View resources future availability
Before you create a future reservation request in calendar mode, you can view the future availability of the TPUs that you want to reserve. Compute Engine uses the Dynamic Workload Scheduler (DWS) to view when your requested number and the type of TPUs that are available, up to 120 days in the future.
When you create a request, specify the number, type, and reservation period of the TPUs that you confirmed as available. This action helps ensure that Google Cloud approves your request.
Define request properties
When you create a future reservation request in calendar mode, you must specify the following properties:
Auto-delete. This property determines if Compute Engine deletes the automatically created (auto-created) reservation for your request at the end time, even if the reservation isn't fully consumed. To create a request in calendar mode, you must enable the auto-delete option.
Consumption type. This property defines how VMs consume the auto-created reservation. When you create a request in calendar mode, you must specify that you want to create specifically-targeted reservations. This setting means that only VMs that target the reservation can consume it.
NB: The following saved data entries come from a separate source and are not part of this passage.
lemma qbasis_series_nth_eq_0:
  assumes "\<And>j. j \<le> i \<Longrightarrow> qbasis_series a b q f $ j = 0"
  shows "f $ i = 0"
  using assms
proof (induction i rule: less_induct)
  case (less i)
  have below: "f $ n = 0" if "n < i" for n
    using less.IH[OF that] less.prems that by simp
  have "qbasis_series a b q f $ i = f $ i"
    unfolding qbasis_series_nth
    by (subst sum.mono_neutral_right[of "{..i}" "{i}"]) (auto simp: below qbasis_nth_self)
  then show ?case using less.prems by simp
qed

lemma qbasis_series_inject:
  "qbasis_series a b q f = qbasis_series a b q g \<longleftrightarrow> f = g"
proof
  assume eq: "qbasis_series a b q f = qbasis_series a b q g"
  have "(f - g) $ n = 0" for n
    by (rule qbasis_series_nth_eq_0[where a = a and b = b and q = q])
       (simp add: qbasis_series_diff eq)
  then show "f = g" by (simp add: fps_eq_iff)
qed simp

lemma order_ge_index_qbasis_series:
  "order_ge_index F \<Longrightarrow> order_ge_index (\<lambda>k. qbasis_series a b q (F k))"
  by (auto simp: order_ge_index_def qbasis_series_nth intro!: sum.neutral)

lemma qbasis_series_suminf:
  assumes F: "order_ge_index F"
  shows "qbasis_series a b q (suminf F) = (\<Sum>k. qbasis_series a b q (F k))"
proof (rule fps_ext)
  fix m
  have "(\<Sum>k\<le>n. F k $ n) = (\<Sum>k\<le>m. F k $ n)" if "n \<le> m" for n
    using that order_ge_indexD[OF F] by (intro sum.mono_neutral_left) auto
  then have "qbasis_series a b q (suminf F) $ m
      = (\<Sum>n\<le>m. \<Sum>k\<le>m. F k $ n * qbasis a b q n $ m)"
    by (simp add: qbasis_series_nth fps_suminf_nth F sum_distrib_right)
  also have "\<dots> = (\<Sum>k\<le>m. qbasis_series a b q (F k) $ m)"
    unfolding qbasis_series_nth by (rule sum.swap)
  finally show "qbasis_series a b q (suminf F) $ m = (\<Sum>k. qbasis_series a b q (F k)) $ m"
    by (simp add: fps_suminf_nth order_ge_index_qbasis_series F)
qed

lemma qbasis_series_shift:
  "(1 - fps_const b * fps_X) * qbasis_series a b q (fps_X * fps_scale q f)
     = fps_X * (1 - fps_const a * fps_X) * fps_scale q (qbasis_series a b q f)"
proof -
  have shifted: "order_ge_index (\<lambda>n. fps_const (c n) * qbasis a b q (Suc n))" for c
    by (simp add: order_ge_index_def qbasis_nth_less)
  have "qbasis_series a b q (fps_X * fps_scale q f)
      = (\<Sum>n. fps_const (q ^ n * f $ n) * qbasis a b q (Suc n))"
    unfolding qbasis_series_def
    by (subst fps_suminf_split_head) (simp_all add: order_ge_index_qbasis)
  also have "(1 - fps_const b * fps_X) * \<dots>
      = (\<Sum>n. fps_const (f $ n)
             * (fps_const (q ^ n) * (1 - fps_const b * fps_X) * qbasis a b q (Suc n)))"
    by (subst fps_mult_suminf[OF shifted]) (simp add: mult_ac flip: fps_const_mult)
  also have "\<dots> = (\<Sum>n. fps_const (f $ n)
             * (fps_X * (1 - fps_const a * fps_X) * fps_scale q (qbasis a b q n)))"
    by (simp only: qbasis_Suc_shift)
  also have "\<dots> = fps_X * (1 - fps_const a * fps_X)
                      * (\<Sum>n. fps_scale q (fps_const (f $ n) * qbasis a b q n))"
    by (subst fps_mult_suminf[OF order_ge_index_fps_scale[OF order_ge_index_qbasis]])
       (simp add: mult_ac)
  also have "\<dots> = fps_X * (1 - fps_const a * fps_X) * fps_scale q (qbasis_series a b q f)"
    by (simp add: qbasis_series_def fps_scale_suminf order_ge_index_qbasis)
  finally show ?thesis .
qed

context
  fixes a b q :: complex and G :: "nat \<Rightarrow> complex fps"
  assumes q: "q \<noteq> 0"
    and expansion: "\<And>k. qbasis_series a b q (G k) = fps_X ^ k"
begin

lemma order_ge_index_expansion: "order_ge_index G"
  unfolding order_ge_index_def
proof (intro allI impI)
  fix k m :: nat
  assume "m < k"
  show "G k $ m = 0"
    by (rule qbasis_series_nth_eq_0[where a = a and b = b and q = q])
       (use \<open>m < k\<close> in \<open>simp add: expansion\<close>)
qed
Deployment type. This property defines the collocation of your reserved resources. When you create a request in calendar mode, you must specify to densely deploy resources. In this kind of deployment, resources are located close to each other to minimize network latency.
Name. The name of your request, which must be unique within your project.
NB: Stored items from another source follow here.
(* There exist universal constants $c_B,c_1,c_2>0$ such that the following holds. Let $(Z,Y)$ be random with $Z\in[0,1]$, $Y\in\{0,1\}$, let $g:[0,1]\to[0,1]$, and let $\mathcal{B}=\{I_1,\dots,I_B\}$ be a fixed 2-well-balanced binning scheme (with respect to $g(Z)$). Let $T_3=\{(z_i,y_i)\}_{i=1}^n$ be i.i.d. draws from the distribution of $(Z,Y)$, and let $0<\delta<0.5$. If $n\ge c_B B\log\frac{B}{\delta}$, then with probability at least $1-\delta$, $\|\hat g_{\mathcal{B}}-g_{\mathcal{B}}\|_2\le \frac{c_2}{\sqrt n}\sqrt{\log\frac{B}{\delta}}$ and $\|\hat g_{\mathcal{B}}-g_{\mathcal{B}}\|_1\le \frac{c_1}{\sqrt{nB}}\sqrt{\log\frac{B}{\delta}}$.
   Context: A binning scheme of size $B$ is a set of intervals $I_1,\dots,I_B$ partitioning $[0,1]$; $\beta(z)$ is the index $j$ with $z\in I_j$. It is 2-well-balanced (w.r.t. $g(Z)$) if $\frac{1}{2B}\le \Pr(g(Z)\in I_j)\le \frac{2}{B}$ for all $j$. The population binned function is $g_{\mathcal{B}}(z)=\mathbb{E}[g(Z)\mid g(Z)\in I_{\beta(g(z))}]$. The empirically binned function $\hat g_{\mathcal{B}}(z)$ is the average of the values $g(z_i)$, $(z_i,y_i)\in T_3$, with $g(z_i)\in I_{\beta(g(z))}$. For $h_1,h_2:[0,1]\to[0,1]$, $\|h_1-h_2\|_2^2=\mathbb{E}[(h_1(Z)-h_2(Z))^2]$ and $\|h_1-h_2\|_1=\mathbb{E}[|h_1(Z)-h_2(Z)|]$. *)

theory Defs
  imports "HOL-Probability.Probability"
begin

definition binning_scheme :: "nat \<Rightarrow> (nat \<Rightarrow> real set) \<Rightarrow> bool" where
  "binning_scheme B I \<longleftrightarrow> B \<ge> 1 \<and> (\<forall>j<B. is_interval (I j)) \<and>
     (\<Union>j<B. I j) = {0..1} \<and> (\<forall>j<B. \<forall>k<B. j \<noteq> k \<longrightarrow> I j \<inter> I k = {})"

definition bin_index :: "nat \<Rightarrow> (nat \<Rightarrow> real set) \<Rightarrow> real \<Rightarrow> nat" where
  "bin_index B I z = (THE j. j < B \<and> z \<in> I j)"

definition bin_event :: "(real \<times> bool) measure \<Rightarrow> (real \<Rightarrow> real) \<Rightarrow> real set \<Rightarrow> (real \<times> bool) set" where
  "bin_event M g A = {x \<in> space M. g (fst x) \<in> A}"

definition well_balanced2 :: "(real \<times> bool) measure \<Rightarrow> (real \<Rightarrow> real) \<Rightarrow> nat \<Rightarrow> (nat \<Rightarrow> real set) \<Rightarrow> bool" where
  "well_balanced2 M g B I \<longleftrightarrow> (\<forall>j<B. 1 / (2 * real B) \<le> measure M (bin_event M g (I j))
                                    \<and> measure M (bin_event M g (I j)) \<le> 2 / real B)"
Number of resources. The number of TPUs to reserve at your request start time.
Planning status. This property defines if you immediately submit your request to Google Cloud for review, or save it as a draft and submit it later. When you create a request in calendar mode, you must specify to immediately submit the request for review.
Reservation mode. This property defines the method to reserve resources, which you must set to
CALENDAR
for a request in calendar mode.Reservation name. The name for the reservation that Compute Engine automatically creates if Google Cloud approves your request.
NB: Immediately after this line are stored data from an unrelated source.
(* Let $t$ be a positive integer and let $M$ be a $t$-spike with associated partition $(A_1,\ldots,A_r)$. Then, for every partition $(J,K)$ of $\{1,\dots,r\}$ with $|J| \le |K|$, $$\lambda\left(\bigcup_{j \in J} A_j\right) = \begin{cases} 2|J| & \text{if } |J| < t,\\ 2t-2 & \text{if } |J| \ge t.\end{cases}$$
   Context: For a positive integer $t$, a matroid $M$ is a $t$-spike of order $r$ (where $r\ge t$) if there is a partition $(A_1,\ldots,A_r)$ of $E(M)$ into 2-element sets, called the associated partition, such that, for every $t$-element subset $J\subseteq\{1,\dots,r\}$, the set $\bigcup_{j\in J}A_j$ is both a circuit and a cocircuit of $M$. The connectivity function of a matroid $M$ with ground set $E$ is $\lambda(X) = r(X) + r(E-X) - r(M)$ for $X\subseteq E$. *)

theory Defs
  imports Main
begin

definition matroid :: "'a set \<Rightarrow> ('a set \<Rightarrow> bool) \<Rightarrow> bool" where
  "matroid E indep \<longleftrightarrow>
     finite E \<and>
     indep {} \<and>
     (\<forall>X. indep X \<longrightarrow> X \<subseteq> E) \<and>
     (\<forall>X Y. indep Y \<and> X \<subseteq> Y \<longrightarrow> indep X) \<and>
     (\<forall>X Y. indep X \<and> indep Y \<and> card X < card Y \<longrightarrow>
        (\<exists>e\<in>Y - X. indep (insert e X)))"

definition mrank :: "('a set \<Rightarrow> bool) \<Rightarrow> 'a set \<Rightarrow> nat" where
  "mrank indep X = Max {card Y | Y. Y \<subseteq> X \<and> indep Y}"

definition basis :: "('a set \<Rightarrow> bool) \<Rightarrow> 'a set \<Rightarrow> bool" where
  "basis indep B \<longleftrightarrow> indep B \<and> (\<forall>X. indep X \<and> B \<subseteq> X \<longrightarrow> X = B)"

definition circuit :: "'a set \<Rightarrow> ('a set \<Rightarrow> bool) \<Rightarrow> 'a set \<Rightarrow> bool" where
  "circuit E indep C \<longleftrightarrow> C \<subseteq> E \<and> \<not> indep C \<and> (\<forall>x\<in>C. indep (C - {x}))"

definition dual_indep :: "'a set \<Rightarrow> ('a set \<Rightarrow> bool) \<Rightarrow> 'a set \<Rightarrow> bool" where
  "dual_indep E indep X \<longleftrightarrow> X \<subseteq> E \<and> (\<exists>B. basis indep B \<and> X \<inter> B = {})"

definition cocircuit :: "'a set \<Rightarrow> ('a set \<Rightarrow> bool) \<Rightarrow> 'a set \<Rightarrow> bool" where
  "cocircuit E indep C \<longleftrightarrow> circuit E (dual_indep E indep) C"

definition conn :: "'a set \<Rightarrow> ('a set \<Rightarrow> bool) \<Rightarrow> 'a set \<Rightarrow> int" where
  "conn E indep X = int (mrank indep X) + int (mrank indep (E - X)) - int (mrank indep E)"

definition spike :: "nat \<Rightarrow> nat \<Rightarrow> 'a set \<Rightarrow> ('a set \<Rightarrow> bool) \<Rightarrow> (nat \<Rightarrow> 'a set) \<Rightarrow> bool" where
  "spike t r E indep A \<longleftrightarrow>
     matroid E indep \<and> r \<ge> t \<and>
     (\<forall>i\<in>{1..r}. card (A i) = 2) \<and>
     (\<forall>i\<in>{1..r}. \<forall>j\<in>{1..r}. i \<noteq> j \<longrightarrow> A i \<inter> A j = {}) \<and>
     (\<Union>i\<in>{1..r}. A i) = E \<and>
     (\<forall>J. J \<subseteq> {1..r} \<and> card J = t \<longrightarrow>
        circuit E indep (\<Union>j\<in>J. A j) \<and> cocircuit E indep (\<Union>j\<in>J. A j))"

end

(*
  Call the A_i legs. For t <= |S| <= r + 1 - t, the legs indexed by S span a set
  of rank |S| + t - 1.
  A set of t legs is a circuit of size 2t, hence of rank 2t - 1, and every further leg
  raises the rank by exactly one: by at most one, because one of its points closes a
  circuit with its other point and t - 1 legs already present; by at least one, because
  with t - 1 legs outside the current set it forms a cocircuit disjoint from that set.
  So r(M) = r when 2t <= r, and lambda = (|J| + t - 1) + (|K| + t - 1) - r = 2t - 2.
  If |J| < t, the legs of J lie in a circuit-cocircuit C of t legs and miss a point x
  of C: they are independent, and their complement contains E - (C - x), which spans M.
*)
theory Submission imports Defs begin

locale indep_matroid =
  fixes E :: "'a set" and indep :: "'a set \<Rightarrow> bool"
  assumes matroid: "matroid E indep"
begin

lemma finite_ground: "finite E"
  using matroid by (simp add: matroid_def)

lemma indep_empty: "indep {}"
  using matroid by (simp add: matroid_def)

lemma indep_subset_ground: "indep X \<Longrightarrow> X \<subseteq> E"
  using matroid by (simp add: matroid_def)

lemma indep_subset: "indep Y \<Longrightarrow> X \<subseteq> Y \<Longrightarrow> indep X"
  using matroid unfolding matroid_def by blast

lemma indep_augment:
  "indep X \<Longrightarrow> indep Y \<Longrightarrow> card X < card Y \<Longrightarrow> \<exists>e\<in>Y - X. indep (insert e X)"
  using matroid by (simp add: matroid_def)

lemma indep_finite: "indep X \<Longrightarrow> finite X"
  using finite_ground indep_subset_ground finite_subset by blast

lemma finite_indep_cards: "finite {card Y | Y. Y \<subseteq> X \<and> indep Y}"
proof (rule finite_subset)
  show "{card Y | Y. Y \<subseteq> X \<and> indep Y} \<subseteq> card ` Pow E"
    using indep_subset_ground by blast
qed (use finite_ground in simp)

lemma indep_card_le_rank: "indep Y \<Longrightarrow> Y \<subseteq> X \<Longrightarrow> card Y \<le> mrank indep X"
  unfolding mrank_def using finite_indep_cards by (intro Max_ge) auto

lemma rank_attained:
  obtains Y where "Y \<subseteq> X" "indep Y" "card Y = mrank indep X"
proof -
  have "{card Y | Y. Y \<subseteq> X \<and> indep Y} \<noteq> {}"
    using indep_empty by blast
  then have "mrank indep X \<in> {card Y | Y. Y \<subseteq> X \<and> indep Y}"
    unfolding mrank_def using finite_indep_cards by (rule Max_in[rotated])
  then show thesis using that by auto
qed

lemma rank_mono: "X \<subseteq> Z \<Longrightarrow> mrank indep X \<le> mrank indep Z"
  by (metis rank_attained indep_card_le_rank order_trans)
Share type. This property defines if other projects in your organization can consume the auto-created reservation for your approved request. You can specify one of the following options:
Single-project. Only your project can consume the reserved capacity.
Shared. You can share the reserved capacity with up to 100 other projects in your organization. If you specify this option, then you must specify the projects to share the auto-created reservation with. For more information, see the best practices for shared reservations.
Reservation period. The date and time when Compute Engine provisions your requested capacity, and you can consume it. The reservation period includes the following:
Start time. When you want to start consuming your reserved capacity. The start time must be at least 24 hours from when you create and submit a request.
End time. When your requested capacity is no longer reserved for you. At this time, Compute Engine automatically deletes the auto-created reservation and any VMs consuming it.
Resource properties. The hardware requirements of the TPUs that you want to reserve. VMs can only use a reservation if their properties match the reservation's properties. For more information, see the requirements to consume reservations.
Workload type. If you reserve TPUs v5p or v5e, then you must specify how to reserve capacity based on the workload for your TPUs:
Batch. For workloads that handle large amounts of data in single or multiple operations, such as machine learning (ML) training workloads.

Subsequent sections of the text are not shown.